Sulla base di questo studio possiamo affermare che la gestione dell’impollinazione attraverso il collocamento di api e di altri insetti può costituire una buona strategia a breve termine per aumentare la produttività delle colture, ma questa decisione deve essere presa tenendo in considerazione anche il possibile impatto di questa pratica sulla biodiversità. C’è il rischio infatti che, inserendo specie non autoctone in un determinato luogo, si origini una massiccia colonizzazione degli habitat circostanti e si determini un’alterazione dell’ecosistema naturale, anche attraverso la diffusione di patogeni. Un impatto minore si potrebbe ottenere posizionando gli alveari dove l’apicoltura è una pratica comunemente adottata, ed utilizzando le altre specie di impollinatori allevati nei luoghi in cui essi sono già presenti in natura.

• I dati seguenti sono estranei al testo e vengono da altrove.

lemma inversions_Un_shift:
  assumes S1: "S1 \<subseteq> {..<k}" and fin2: "finite S2"
  shows "inversions (S1 \<union> (+) k ` S2) = inversions S1 + card S2 * (k - card S1) + inversions S2"
proof -
  let ?S = "S1 \<union> (+) k ` S2"
  have fin1: "finite S1" using S1 finite_subset by blast
  have "inversions ?S = (\<Sum>j\<in>S1. card {i. i < j \<and> i \<notin> ?S}) + (\<Sum>x\<in>S2. card {i. i < k + x \<and> i \<notin> ?S})"
    unfolding inversions_def using fin1 fin2 S1
    by (subst sum.union_disjoint) (auto simp: sum.reindex)
  also have "(\<Sum>j\<in>S1. card {i. i < j \<and> i \<notin> ?S}) = inversions S1"
    unfolding inversions_def using S1 by (intro sum.cong refl arg_cong[where f = card]) auto
  also have "(\<Sum>x\<in>S2. card {i. i < k + x \<and> i \<notin> ?S}) = (\<Sum>x\<in>S2. (k - card S1) + card {i. i < x \<and> i \<notin> S2})"
  proof (rule sum.cong[OF refl])
    fix x
    have "{i. i < k + x \<and> i \<notin> ?S} = ({..<k} - S1) \<union> (+) k ` {i. i < x \<and> i \<notin> S2}"
    proof (intro set_eqI iffI)
      fix y assume "y \<in> {i. i < k + x \<and> i \<notin> ?S}"
      then show "y \<in> ({..<k} - S1) \<union> (+) k ` {i. i < x \<and> i \<notin> S2}"
        by (cases "y < k") (auto simp: image_iff intro!: exI[of _ "y - k"])
    qed (use S1 in auto)
    moreover have "({..<k} - S1) \<inter> (+) k ` {i. i < x \<and> i \<notin> S2} = {}" by auto
    ultimately show "card {i. i < k + x \<and> i \<notin> ?S} = (k - card S1) + card {i. i < x \<and> i \<notin> S2}"
      using S1 fin1 by (simp add: card_Un_disjoint card_Diff_subset card_image)
  qed
  finally show ?thesis by (simp add: sum.distrib inversions_def)
qed

lemma card_Un_shift:
  fixes k :: nat
  assumes "S1 \<subseteq> {..<k}" "finite S2"
  shows "card (S1 \<union> (+) k ` S2) = card S1 + card S2"
proof -
  have "finite S1" using assms(1) finite_subset by blast
  moreover have "S1 \<inter> (+) k ` S2 = {}" using assms(1) by auto
  ultimately show ?thesis using assms(2) by (simp add: card_Un_disjoint card_image)
qed

lemma bij_betw_Un_shift:
  assumes "k \<le> n"
  shows "bij_betw (\<lambda>(r, S1, S2). S1 \<union> (+) k ` S2)
           (SIGMA r:{0..k}. {S1. S1 \<subseteq> {..<k} \<and> card S1 = k - r} \<times> {S2. S2 \<subseteq> {..<n - k} \<and> card S2 = r})
           {S. S \<subseteq> {..<n} \<and> card S = k}"
proof (rule bij_betw_byWitness[where f' = "\<lambda>S. (card {x. k + x \<in> S}, S \<inter> {..<k}, {x. k + x \<in> S})"])
  show "\<forall>S\<in>{S. S \<subseteq> {..<n} \<and> card S = k}.
          (\<lambda>(r, S1, S2). S1 \<union> (+) k ` S2) (card {x. k + x \<in> S}, S \<inter> {..<k}, {x. k + x \<in> S}) = S"
    using Int_lessThan_Un_shift by auto
  show "(\<lambda>(r, S1, S2). S1 \<union> (+) k ` S2) ` (SIGMA r:{0..k}. {S1. S1 \<subseteq> {..<k} \<and> card S1 = k - r} \<times>
          {S2. S2 \<subseteq> {..<n - k} \<and> card S2 = r}) \<subseteq> {S. S \<subseteq> {..<n} \<and> card S = k}"
    using assms by (auto simp: card_Un_shift finite_subset[of _ "{..<n - k}"])
  show "(\<lambda>S. (card {x. k + x \<in> S}, S \<inter> {..<k}, {x. k + x \<in> S})) ` {S. S \<subseteq> {..<n} \<and> card S = k}
          \<subseteq> (SIGMA r:{0..k}. {S1. S1 \<subseteq> {..<k} \<and> card S1 = k - r} \<times> {S2. S2 \<subseteq> {..<n - k} \<and> card S2 = r})"
  proof (rule image_subsetI)
    fix S assume S: "S \<in> {S. S \<subseteq> {..<n} \<and> card S = k}"
    have sub: "{x. k + x \<in> S} \<subseteq> {..<n - k}" using S by auto
    then have "card S = card (S \<inter> {..<k}) + card {x. k + x \<in> S}"
      using card_Un_shift[of "S \<inter> {..<k}" k "{x. k + x \<in> S}"]
      by (simp add: finite_subset flip: Int_lessThan_Un_shift)
    then show "(card {x. k + x \<in> S}, S \<inter> {..<k}, {x. k + x \<in> S}) \<in> (SIGMA r:{0..k}.
        {S1. S1 \<subseteq> {..<k} \<and> card S1 = k - r} \<times> {S2. S2 \<subseteq> {..<n - k} \<and> card S2 = r})"
      using S sub by auto
  qed
next
  have "{x. k + x \<in> S1 \<union> (+) k ` S2} = S2" if "S1 \<subseteq> {..<k}" for S1 S2
    using that by auto
  then show "\<forall>p\<in>SIGMA r:{0..k}. {S1. S1 \<subseteq> {..<k} \<and> card S1 = k - r} \<times> {S2. S2 \<subseteq> {..<n - k} \<and> card S2 = r}.
      (\<lambda>S. (card {x. k + x \<in> S}, S \<inter> {..<k}, {x. k + x \<in> S})) ((\<lambda>(r, S1, S2). S1 \<union> (+) k ` S2) p) = p"
    by auto
qed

Alla luce di tutto questo, il consiglio migliore e più saggio rimane sempre quello di incoraggiare pratiche agricole che favoriscano l’aumento delle popolazioni naturali di pronubi selvatici che possano provvedere a una sicura ed autonoma impollinazione, ad esempio privilegiando la scelta di cultivar con buona resa nettarifera e pollinifera, ed inserendo infrastrutture naturali intatte, circostanti alle coltivazioni, al fine di sostenere al meglio tutte le specie, sia a livello trofico mediante la presenza di fioriture in momenti diversi dell’anno, che attraverso l’esistenza di idonee zone di nidificazione.
In un agroecosistema sostenibile, adottare un approccio di impollinazione integrata come quello descritto, porterebbe notevoli benefici agli agricoltori, agli apicoltori, alle api allevate e agli impollinatori selvatici, ed un complessivo beneficio alla stabilità delle produzioni degli agro-ecosistemi.